Хотя было бы очень просто просветить Джека на предмет моей связи с братьями Талларико, я наверняка знаю, что это убьет все остатки нашей прежней дружбы. В конце концов время придет — а на данный момент мне лучше держать свое знание о ситуации при себе.
— Значит, ты проезжаешь пятьдесят миль, хотя реально одолеваешь десять…
— Просто чтобы сбросить всех, кто может сидеть у нас на хвосте. Лучшая оборона — это хорошая оборона.
Гленда встречает нас у невыразительного здания на берегу в Форт-Лодердейле. Подмечая покачивание ее бедер и постукивание каблуков, я понимаю, что ждет она уже достаточно долго. Когда я позвонил ей по мобильнику Джека, Гленду не сильно вдохновила перспектива того, что она проведет свою первую ночь в Южной Флориде в мафиозном клубе. Впрочем, ничего лучшего на этот вечер мы все равно не запланировали. Консьерж отеля дважды к ней подъезжал, и Гленда не хотела, чтобы он резервировал для нее какие-то столики из страха, что она там покажется, а этот самый консьерж будет сидеть на месте с бутылкой шабли, дрожащими губами и двуспальной постелью в глазах.
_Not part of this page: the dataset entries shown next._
lemma dominated_by_regime_i_if_bounded:
  assumes adm: "admissible p q" and c: "0 < c"
    and large: "\<forall>\<^sub>F j in sequentially. 1 \<le> R j \<and> c * real (R j) < 2 * (real (p (R j)) * real (q (R j)))"
    and bounded: "\<exists>\<^sub>F j in sequentially. q (R j) \<le> M"
  shows "\<exists>P Q. regime_i P Q \<and> (\<exists>\<^sub>F j in sequentially. P (R j) \<le> p (R j) \<and> Q (R j) \<le> q (R j))"
proof -
  define \<alpha> where "\<alpha> = min (c / (2 * (real M + 1))) (1 / 2)"
  have \<alpha>: "0 < \<alpha>" "\<alpha> < 1"
    using c by (auto simp: \<alpha>_def)
  have \<alpha>_M: "\<alpha> * (2 * (real M + 1)) \<le> c"
    using min.cobounded1[of "c / (2 * (real M + 1))" "1 / 2"]
    by (simp add: \<alpha>_def le_divide_eq)
  define P where "P n = pos_floor (\<alpha> * real n)" for n
  have "regime_i P (\<lambda>_. 1)"
  proof -
    have "admissible P (\<lambda>_. 1)"
      using \<alpha> by (auto simp: admissible_def P_def Suc_le_eq intro!: pos_floor_le)
    moreover have "(\<lambda>n. real (P n) / real n) \<longlonglongrightarrow> \<alpha>"
      unfolding P_def by (rule tendsto_pos_floor_scaled_div[OF filterlim_real_sequentially \<alpha>(1)])
    ultimately show ?thesis
      using \<alpha> by (auto simp: regime_i_def)
  qed
  moreover have "\<forall>\<^sub>F j in sequentially. q (R j) \<le> M \<longrightarrow> P (R j) \<le> p (R j) \<and> 1 \<le> q (R j)"
    using large
  proof eventually_elim
    case (elim j)
    have adm_j: "1 \<le> q (R j)" "q (R j) \<le> p (R j)" "p (R j) \<le> R j"
      using admissibleD[OF adm] elim by auto
    show ?case
    proof (intro impI conjI adm_j)
      assume "q (R j) \<le> M"
      then have "\<alpha> * real (R j) \<le> real (p (R j))"
        using linear_bound_of_bounded_factor[OF \<alpha>_M, where t = "real (R j)"
            and x = "real (p (R j))" and y = "real (q (R j))"] elim by simp
      then show "P (R j) \<le> p (R j)"
        using adm_j unfolding P_def by (intro pos_floor_le) auto
    qed
  qed
  then have "\<exists>\<^sub>F j in sequentially. P (R j) \<le> p (R j) \<and> 1 \<le> q (R j)"
    using bounded by (rule frequently_mp)
  ultimately show ?thesis
    by (intro exI[of _ P] exI[of _ "\<lambda>_. 1"] conjI)
qed

lemma dominated_by_regime_iii_if_comparable:
  assumes adm: "admissible p q" and c: "0 < c" and \<delta>: "0 < \<delta>"
    and large: "\<forall>\<^sub>F j in sequentially. 1 \<le> R j \<and> c * real (R j) < 2 * (real (p (R j)) * real (q (R j)))"
    and comparable: "\<exists>\<^sub>F j in sequentially. \<delta> * real (p (R j)) \<le> real (q (R j))"
  shows "\<exists>P Q. regime_iii P Q \<and> (\<exists>\<^sub>F j in sequentially. P (R j) \<le> p (R j) \<and> Q (R j) \<le> q (R j))"
proof -
  define \<beta> where "\<beta> = min 1 (sqrt (\<delta> * c / 2))"
  have \<beta>: "0 < \<beta>" "\<beta> \<le> 1"
    using \<delta> c by (auto simp: \<beta>_def)
  have \<beta>_sq: "\<beta>\<^sup>2 \<le> \<delta> * c / 2"
  proof -
    have "\<beta>\<^sup>2 \<le> (sqrt (\<delta> * c / 2))\<^sup>2"
      using \<beta> by (intro power_mono) (auto simp: \<beta>_def)
    then show ?thesis using \<delta> c by simp
  qed
  define s where "s n = pos_floor (\<beta> * sqrt (real n))" for n
  have "regime_iii s s"
  proof -
    have "\<beta> * sqrt (real n) \<le> real n" if "1 \<le> n" for n
    proof -
      have "\<beta> * sqrt (real n) \<le> sqrt (real n)"
        using \<beta> by (intro mult_left_le_one_le) auto
      also have "\<dots> \<le> real n"
        using that by (intro sqrt_le_self) simp
      finally show ?thesis .
    qed
    then have "admissible s s"
      unfolding admissible_def s_def by (simp add: Suc_le_eq pos_floor_le)
    moreover have "filterlim (\<lambda>n. sqrt (real n)) at_top sequentially"
      by real_asymp
    then have "(\<lambda>n. real (s n) / sqrt (real n)) \<longlonglongrightarrow> \<beta>"
      unfolding s_def by (rule tendsto_pos_floor_scaled_div[OF _ \<beta>(1)])
    ultimately show ?thesis
      using \<beta> by (auto simp: regime_iii_def)
  qed
  moreover have "\<forall>\<^sub>F j in sequentially.
      \<delta> * real (p (R j)) \<le> real (q (R j)) \<longrightarrow> s (R j) \<le> p (R j) \<and> s (R j) \<le> q (R j)"
    using large
  proof eventually_elim
    case (elim j)
    have adm_j: "1 \<le> q (R j)" "q (R j) \<le> p (R j)"
      using admissibleD[OF adm] elim by auto
    show ?case
    proof (intro impI)
      assume "\<delta> * real (p (R j)) \<le> real (q (R j))"
      then have "\<beta> * sqrt (real (R j)) < real (q (R j))"
        using sqrt_bound_of_comparable_factors[OF \<delta> \<beta>_sq, where t = "real (R j)"
            and x = "real (p (R j))" and y = "real (q (R j))"] elim by simp
      then have "s (R j) \<le> q (R j)"
        using adm_j unfolding s_def by (intro pos_floor_le) auto
      with adm_j show "s (R j) \<le> p (R j) \<and> s (R j) \<le> q (R j)"
        by simp
    qed
  qed
  then have "\<exists>\<^sub>F j in sequentially. s (R j) \<le> p (R j) \<and> s (R j) \<le> q (R j)"
    using comparable by (rule frequently_mp)
  ultimately show ?thesis by blast
qed

lemma regime_ii_splice:
  assumes adm: "admissible p q" and c: "0 < c" and R: "strict_mono R"
    and q_top: "filterlim (\<lambda>j. q (R j)) at_top sequentially"
    and ratio: "(\<lambda>j. real (q (R j)) / real (p (R j))) \<longlonglongrightarrow> 0"
    and lim: "(\<lambda>j. real (p (R j)) * real (q (R j)) / real (R j)) \<longlonglongrightarrow> c"
  shows "\<exists>P Q. regime_ii P Q \<and> (\<forall>j. P (R j) = p (R j) \<and> Q (R j) = q (R j))"
proof -
  obtain P0 Q0 where adm0: "admissible P0 Q0" and Q0_top: "filterlim Q0 at_top sequentially"
    and ratio0: "(\<lambda>n. real (Q0 n) / real (P0 n)) \<longlonglongrightarrow> 0"
    and lim0: "(\<lambda>n. real (P0 n) * real (Q0 n) / real n) \<longlonglongrightarrow> c"
    using exists_regime_ii_with_limit[OF c] by blast
  define P where "P n = (if n \<in> range R then p n else P0 n)" for n
  define Q where "Q n = (if n \<in> range R then q n else Q0 n)" for n
  have "admissible P Q"
    using adm adm0 by (simp add: admissible_def P_def Q_def)
  moreover have "filterlim Q at_top sequentially"
    unfolding Q_def by (rule filterlim_if_range_strict_mono[OF R q_top Q0_top])
  moreover have "(\<lambda>n. real (Q n) / real (P n)) =
      (\<lambda>n. if n \<in> range R then real (q n) / real (p n) else real (Q0 n) / real (P0 n))"
    by (auto simp: P_def Q_def)
  then have "(\<lambda>n. real (Q n) / real (P n)) \<longlonglongrightarrow> 0"
    using filterlim_if_range_strict_mono[OF R ratio ratio0] by simp
  moreover have "(\<lambda>n. real (P n) * real (Q n) / real n) =
      (\<lambda>n. if n \<in> range R then real (p n) * real (q n) / real n else real (P0 n) * real (Q0 n) / real n)"
    by (auto simp: P_def Q_def)
  then have "(\<lambda>n. real (P n) * real (Q n) / real n) \<longlonglongrightarrow> c"
    using filterlim_if_range_strict_mono[OF R lim lim0] by simp
  ultimately have "regime_ii P Q"
    using c unfolding regime_ii_def by blast
  moreover have "\<forall>j. P (R j) = p (R j) \<and> Q (R j) = q (R j)"
    by (simp add: P_def Q_def)
  ultimately show ?thesis by blast
qed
— Для начала ты забываешь, что я приехала в гости, потом тащишь меня через всю страну, потом сбрасываешь на обочине дороги, а потом все-таки звонишь и милостиво позволяешь к тебе присоединиться. А потом заявляешься на целых полчаса позже и заставляешь меня париться черт знает где.
— Все верно, — говорю я. — Гленда, это Джек. Джек, это Гленда.
Джек берет руку Гленды и целует ее — она слегка подпрыгивает, и на мгновение мне кажется, что она сейчас отвесит ему хорошего тумака. Но затем Гленда делает очень странную вещь, совершенно не стыкующуюся со всем, что я знаю про эту взрослую хулиганку: она улыбается. Джек закрывает глаза и переводит дух. Его фальшивые ноздри с шумом втягивают и выпускают воздух.
— Ваш запах очень глубок, — говорит он Гленде. — Очень. Большинство знакомых мне женщин… их запах превосходен, но мелок. А ваш полон, цветущ — совсем как у юной девушки, только что расцветшей в прелестную женщину.